Рассказы. Юморески. 1886—1886
— Петр Николаевич, скоро же вы? — зовут моего героя нетерпеливые дамы.
— Сию минуту-с! — говорит «суетный и фатоватый» человек, поправляя галстух. — Смешно, брат, и жаль, жаль и смешно, но что поделаешь? Homo sum… [7] А все-таки хвалю природу-матушку за ее обмен веществ. Если бы у нас оставалось мучительное воспоминание о зубной боли да о тех страхах, которые приходится каждому из нас переживать, будь всё это вечно, скверно жилось бы тогда на свете нашему брату человеку!

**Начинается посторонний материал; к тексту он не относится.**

lemma quantal_deviation_le:
  assumes A: "finite A" "A \<noteq> {}" and \<eta>: "\<eta> > 0" and \<psi>: "\<psi> ` A \<subseteq> A"
  shows "(\<Sum>a\<in>A. u (\<psi> a) z * quantal \<eta> A u' z a)
           \<le> (\<Sum>a\<in>A. u a z * quantal \<eta> A u z a) + ln (card A) / \<eta>"
    (is "_ \<le> ?R")
proof -
  have "(\<Sum>a\<in>A. u (\<psi> a) z * quantal \<eta> A u' z a) \<le> (\<Sum>a\<in>A. ?R * quantal \<eta> A u' z a)"
    using \<psi> by (intro sum_mono mult_right_mono le_expected_utility_quantal A \<eta>)
      (auto intro: less_imp_le quantal_pos A)
  also have "\<dots> = ?R"
    by (simp add: sum_quantal[OF A] flip: sum_distrib_left)
  finally show ?thesis .
qed

lemma sum_abs_coeffs_le_Lipschitz:
  fixes w :: "real^'d"
  assumes affine: "\<And>y. f y = c + w \<bullet> y"
    and lip: "\<forall>y1\<in>cube. \<forall>y2\<in>cube. \<bar>f y1 - f y2\<bar> \<le> L * infnorm (y1 - y2)"
  shows "(\<Sum>j\<in>UNIV. \<bar>w $ j\<bar>) \<le> L"
proof -
  define s :: "real^'d" where "s = (\<chi> j. if 0 \<le> w $ j then 1 else - 1)"
  have s_abs: "\<bar>s $ j\<bar> = 1" for j
    by (simp add: s_def)
  then have "s \<in> cube" "- s \<in> cube"
    by (auto simp: cube_def)
  then have "\<bar>f s - f (- s)\<bar> \<le> L * infnorm (s - - s)"
    using lip by blast
  moreover have "infnorm (s - - s) = 2"
  proof -
    have "infnorm s = 1"
      unfolding infnorm_cart s_abs by simp
    then show ?thesis
      using infnorm_mul[of 2 s] by (simp add: scaleR_2)
  qed
  moreover have "f s - f (- s) = 2 * (w \<bullet> s)"
    by (simp add: affine inner_minus_right)
  moreover have "w \<bullet> s = (\<Sum>j\<in>UNIV. \<bar>w $ j\<bar>)"
    unfolding inner_vec_def by (intro sum.cong) (auto simp: s_def)
  ultimately show ?thesis
    by simp
qed

lemma integral_affine_diff_le:
  fixes Y Z :: "'m \<Rightarrow> real^'d"
  assumes affine: "\<And>y. f y = c + w \<bullet> y" and L: "(\<Sum>j\<in>UNIV. \<bar>w $ j\<bar>) \<le> L"
    and int: "\<And>j. integrable M (\<lambda>\<omega>. (Y \<omega> $ j - Z \<omega> $ j) * p \<omega>)"
    and err: "\<And>j. \<bar>\<integral>\<omega>. (Y \<omega> $ j - Z \<omega> $ j) * p \<omega> \<partial>M\<bar> \<le> \<epsilon>"
  shows "\<bar>\<integral>\<omega>. (f (Y \<omega>) - f (Z \<omega>)) * p \<omega> \<partial>M\<bar> \<le> L * \<epsilon>"
proof -
  have \<epsilon>: "0 \<le> \<epsilon>"
    using err by (meson abs_ge_zero order_trans)
  have "(f (Y \<omega>) - f (Z \<omega>)) * p \<omega>
      = (\<Sum>j\<in>UNIV. w $ j * ((Y \<omega> $ j - Z \<omega> $ j) * p \<omega>))" for \<omega>
  proof -
    have "(f (Y \<omega>) - f (Z \<omega>)) * p \<omega> = (w \<bullet> (Y \<omega> - Z \<omega>)) * p \<omega>"
      by (simp add: affine inner_diff_right)
    then show ?thesis
      by (simp add: inner_vec_def sum_distrib_right mult.assoc)
  qed
  then have "\<bar>\<integral>\<omega>. (f (Y \<omega>) - f (Z \<omega>)) * p \<omega> \<partial>M\<bar>
      = \<bar>\<Sum>j\<in>UNIV. w $ j * (\<integral>\<omega>. (Y \<omega> $ j - Z \<omega> $ j) * p \<omega> \<partial>M)\<bar>"
    using int by simp
  also have "\<dots> \<le> (\<Sum>j\<in>UNIV. \<bar>w $ j\<bar> * \<epsilon>)"
    by (intro order_trans[OF sum_abs] sum_mono) (simp add: abs_mult mult_left_mono err)
  also have "\<dots> \<le> L * \<epsilon>"
    using mult_right_mono[OF L \<epsilon>] by (simp add: sum_distrib_right)
  finally show ?thesis .
qed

Я смотрю на его улыбающееся лицо, и мне припоминается то отчаяние и тот ужас, которыми полны были его глаза, когда он год тому назад глядел на темное окно. Я вижу, как он, входя в свою обычную роль ученого пустослова, собирается пококетничать передо мною своими праздными теориями вроде обмена веществ, и в это время мне припоминается он, сидящий на полу в луже крови, с больными, умоляющими глазами.
— Чем же кончить? — спрашиваю я себя вслух.
Васильев, посвистывая и поправляя галстух, уходит в гостиную, а я гляжу ему вслед и досадно мне. Жаль мне почему-то его прошлых страданий, — жаль всего того, что я и сам перечувствовал ради этого человека в ту нехорошую ночь. Точно я потерял что-то…
Шуточка
Ясный, зимний полдень… Мороз крепок, трещит, и у Наденьки, которая держит меня под руку, покрываются серебристым инеем кудри на висках и пушок над верхней губой. Мы стоим на высокой горе. От наших ног до самой земли тянется покатая плоскость, в которую солнце глядится, как в зеркало. Возле нас маленькие санки, обитые ярко-красным сукном.
— Съедемте вниз, Надежда Петровна! — умоляю я. — Один только раз! Уверяю вас, мы останемся целы и невредимы.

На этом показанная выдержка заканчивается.